«Молод ты ещё для таких размышлений. Красота не всегда дьявольская, однако Господь и дьявол доныне не поделили её между собой, так под силу ли человеку сделать сие?» — так ответил он мне, не подозревая, что разум мой томится этими вопросами.

Но случилось так, что за год до того, в Иванов день, увидал я в церкви женщину, чей образ мой отец рисовал, начиная писать святых и богородиц. То была госпожа Марица, супруга протостратора Балдю. Никогда прежде не рассматривал я вблизи её черты и лишь в тот день увидал под печатью лет образ её в молодые годы и подумал: «Значит, и отец твой, Эню, любил девицу царского рода». Потому что госпожа Марица принадлежала к потомкам приснопамятного царя Михаила Шишмана, убитого сербами при Велбужде.

Прочитав насмешку в моей улыбке, отец разгневался и потребовал, чтобы я открыл, что она означает.

— Ты ведь тоже любил женщину царского рода, — сказал я. — Госпожу Марицу. И все рисуешь её такою, какой была она в молодости.

Его рука отшвырнула меня чуть ли не к стене иконописной.

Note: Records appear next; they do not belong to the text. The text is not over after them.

(* Let $\Gamma$ be a countably infinite residually finite group and $\{\Gamma_n\}_{n\in\mathbb N}$ a strictly decreasing sequence of finite-index normal subgroups with $\bigcap_n\Gamma_n=\{e_\Gamma\}$ and $[\Gamma_n:\Gamma_{n+1}]>2$ for all $n$. Let $X=\varprojlim\Gamma/\Gamma_n$ with the left translation action of $\Gamma$ and quotient maps $\pi_n:X\to\Gamma/\Gamma_n$. For $n\ge2$ choose $\gamma_n\in\Gamma_{n-1}\setminus\Gamma_n$, let $C_n=\pi_n^{-1}(\gamma_n\Gamma_n)$, $X_+=\bigcup_{n\ge2}C_n$, $X_-=X\setminus(X_+\cup\{e_\Gamma\})$, and define $f:X\setminus\{e_\Gamma\}\to\{1,-1\}$ by $f=1$ on $X_+$ and $f=-1$ on $X_-$. Then the McMahon extension action $\Gamma\curvearrowright X_f$ associated to $(X, e_\Gamma, f)$ is null.
   Context: $X=\varprojlim\Gamma/\Gamma_n$ is the compact metrizable group of compatible sequences in $\prod_n\Gamma/\Gamma_n$; $\Gamma$ embeds densely and acts minimally and freely by left translation. Under the hypotheses, $f$ is continuous and cannot be extended continuously to $X$. McMahon extension: the (unique up to conjugacy) minimal continuous action $\Gamma\curvearrowright X_f$ on a compact metrizable space with a $\Gamma$-equivariant continuous surjection $\pi_f:X_f\to X$ such that $\pi_f^{-1}(x)$ is one point for $x\notin\Gamma e_\Gamma$ and two points for $x\in\Gamma e_\Gamma$, and $f\circ\pi_f$ on $X_f\setminus\pi_f^{-1}(e_\Gamma)$ extends continuously to $X_f$. Null: for every sequence $\{s_n\}$ in $\Gamma$ and finite open cover $\mathcal U$, $\limsup_n\frac1n\log N(\bigvee_{i=1}^n s_i^{-1}\mathcal U)=0$, $N$ the minimal subcover size. *)

theory Defs
  imports "HOL-Algebra.Algebra" "HOL-Analysis.Analysis" "HOL-Library.Liminf_Limsup"
begin

definition residually_finite :: "('a, 'c) monoid_scheme \<Rightarrow> bool" where
  "residually_finite G \<longleftrightarrow>
     (\<forall>g \<in> carrier G. g \<noteq> \<one>\<^bsub>G\<^esub> \<longrightarrow>
        (\<exists>N. N \<lhd> G \<and> finite (rcosets\<^bsub>G\<^esub> N) \<and> g \<notin> N))"

definition invlim :: "('a, 'c) monoid_scheme \<Rightarrow> (nat \<Rightarrow> 'a set) \<Rightarrow> (nat \<Rightarrow> 'a set) set" where
  "invlim G Gam = {x. (\<forall>n. x n \<in> rcosets\<^bsub>G\<^esub> (Gam n)) \<and> (\<forall>n. x (Suc n) \<subseteq> x n)}"

definition invlim_top :: "('a, 'c) monoid_scheme \<Rightarrow> (nat \<Rightarrow> 'a set) \<Rightarrow> (nat \<Rightarrow> 'a set) topology" where
  "invlim_top G Gam =
     subtopology (product_topology (\<lambda>n. discrete_topology (rcosets\<^bsub>G\<^esub> (Gam n))) UNIV)
                 (invlim G Gam)"

definition invlim_act :: "('a, 'c) monoid_scheme \<Rightarrow> 'a \<Rightarrow> (nat \<Rightarrow> 'a set) \<Rightarrow> (nat \<Rightarrow> 'a set)" where
  "invlim_act G g x = (\<lambda>n. g <#\<^bsub>G\<^esub> x n)"

text \<open>The identity point e of X is the sequence of trivial cosets, i.e. Gam itself.
  The quotient map pi_n is evaluation at n.  Indexing: Isabelle index n corresponds to
  the paper's index n+1, so the paper's C_n (n >= 2) is Cset ... n with n >= 1.\<close>
definition Cset :: "('a, 'c) monoid_scheme \<Rightarrow> (nat \<Rightarrow> 'a set) \<Rightarrow> (nat \<Rightarrow> 'a) \<Rightarrow> nat \<Rightarrow> (nat \<Rightarrow> 'a set) set" where
  "Cset G Gam \<gamma> n = {x \<in> invlim G Gam. x n = Gam n #>\<^bsub>G\<^esub> \<gamma> n}"

definition Xplus :: "('a, 'c) monoid_scheme \<Rightarrow> (nat \<Rightarrow> 'a set) \<Rightarrow> (nat \<Rightarrow> 'a) \<Rightarrow> (nat \<Rightarrow> 'a set) set" where
  "Xplus G Gam \<gamma> = (\<Union>n\<in>{1..}. Cset G Gam \<gamma> n)"

text \<open>f = 1 on X_+ and -1 on X_- (its value at e is irrelevant, it is never used).\<close>
definition fsign :: "('a, 'c) monoid_scheme \<Rightarrow> (nat \<Rightarrow> 'a set) \<Rightarrow> (nat \<Rightarrow> 'a) \<Rightarrow> (nat \<Rightarrow> 'a set) \<Rightarrow> real" where
  "fsign G Gam \<gamma> x = (if x \<in> Xplus G Gam \<gamma> then 1 else -1)"

definition continuous_action :: "('a, 'c) monoid_scheme \<Rightarrow> 'b topology \<Rightarrow> ('a \<Rightarrow> 'b \<Rightarrow> 'b) \<Rightarrow> bool" where
  "continuous_action G Y T \<longleftrightarrow>
     (\<forall>g \<in> carrier G. continuous_map Y Y (T g)) \<and>
     (\<forall>y \<in> topspace Y. T \<one>\<^bsub>G\<^esub> y = y) \<and>
     (\<forall>g \<in> carrier G. \<forall>h \<in> carrier G. \<forall>y \<in> topspace Y. T (g \<otimes>\<^bsub>G\<^esub> h) y = T g (T h y))"

definition minimal_action :: "('a, 'c) monoid_scheme \<Rightarrow> 'b topology \<Rightarrow> ('a \<Rightarrow> 'b \<Rightarrow> 'b) \<Rightarrow> bool" where
  "minimal_action G Y T \<longleftrightarrow>
     (\<forall>A. closedin Y A \<and> (\<forall>g \<in> carrier G. T g ` A \<subseteq> A) \<longrightarrow> A = {} \<or> A = topspace Y)"

definition is_McMahon_extension ::
  "('a, 'c) monoid_scheme \<Rightarrow> 'x topology \<Rightarrow> ('a \<Rightarrow> 'x \<Rightarrow> 'x) \<Rightarrow> 'x \<Rightarrow> ('x \<Rightarrow> real)
     \<Rightarrow> 'b topology \<Rightarrow> ('a \<Rightarrow> 'b \<Rightarrow> 'b) \<Rightarrow> ('b \<Rightarrow> 'x) \<Rightarrow> bool" where
  "is_McMahon_extension G XT Tx e f Y T p \<longleftrightarrow>
     compact_space Y \<and> metrizable_space Y \<and>
     continuous_action G Y T \<and> minimal_action G Y T \<and>
     continuous_map Y XT p \<and> p ` topspace Y = topspace XT \<and>
     (\<forall>g \<in> carrier G. \<forall>y \<in> topspace Y. p (T g y) = Tx g (p y)) \<and>
     (\<forall>x \<in> topspace XT. x \<notin> {Tx g e | g. g \<in> carrier G} \<longrightarrow> card {y \<in> topspace Y. p y = x} = 1) \<and>
     (\<forall>x \<in> {Tx g e | g. g \<in> carrier G}. card {y \<in> topspace Y. p y = x} = 2) \<and>
     (\<exists>F. continuous_map Y euclideanreal F \<and>
          (\<forall>y \<in> topspace Y. p y \<noteq> e \<longrightarrow> F y = f (p y)))"

definition cover_join :: "('a, 'c) monoid_scheme \<Rightarrow> ('a \<Rightarrow> 'b \<Rightarrow> 'b) \<Rightarrow> (nat \<Rightarrow> 'a) \<Rightarrow> 'b set set \<Rightarrow> nat \<Rightarrow> 'b set set" where
  "cover_join G T s \<U> n =
     {\<Inter>i\<in>{1..n}. V i | V. \<forall>i\<in>{1..n}. V i \<in> (\<lambda>U. T (inv\<^bsub>G\<^esub> (s i)) ` U) ` \<U>}"

definition min_subcover :: "'b topology \<Rightarrow> 'b set set \<Rightarrow> nat" where
  "min_subcover Y \<V> = (LEAST k. \<exists>\<W> \<subseteq> \<V>. finite \<W> \<and> card \<W> = k \<and> topspace Y \<subseteq> \<Union>\<W>)"

definition null_action :: "('a, 'c) monoid_scheme \<Rightarrow> 'b topology \<Rightarrow> ('a \<Rightarrow> 'b \<Rightarrow> 'b) \<Rightarrow> bool" where
  "null_action G Y T \<longleftrightarrow>
     (\<forall>s \<U>. (\<forall>n. s n \<in> carrier G) \<and> finite \<U> \<and> (\<forall>U \<in> \<U>. openin Y U) \<and> \<Union>\<U> = topspace Y \<longrightarrow>
        limsup (\<lambda>n. ereal (ln (real (min_subcover Y (cover_join G T s \<U> n))) / real n)) = 0)"

end

theory Submission
  imports Defs "HOL-Real_Asymp.Real_Asymp"
begin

— Быть тебе в утробе Лукавого, коль с этих лет разум твой занят такими помыслами и не ведаешь стыда перед родным отцом! Давно уж наблюдаю за тобой, и ведомо мне, какие бесы кружат возле тебя. Прочь с глаз моих, дьявольское отродье!

И так толкнул меня в спину, что я ударился о притолоку.

Я не заплакал — гордость пересилила. Вот когда узнал я, каким видят меня грозные очи отца.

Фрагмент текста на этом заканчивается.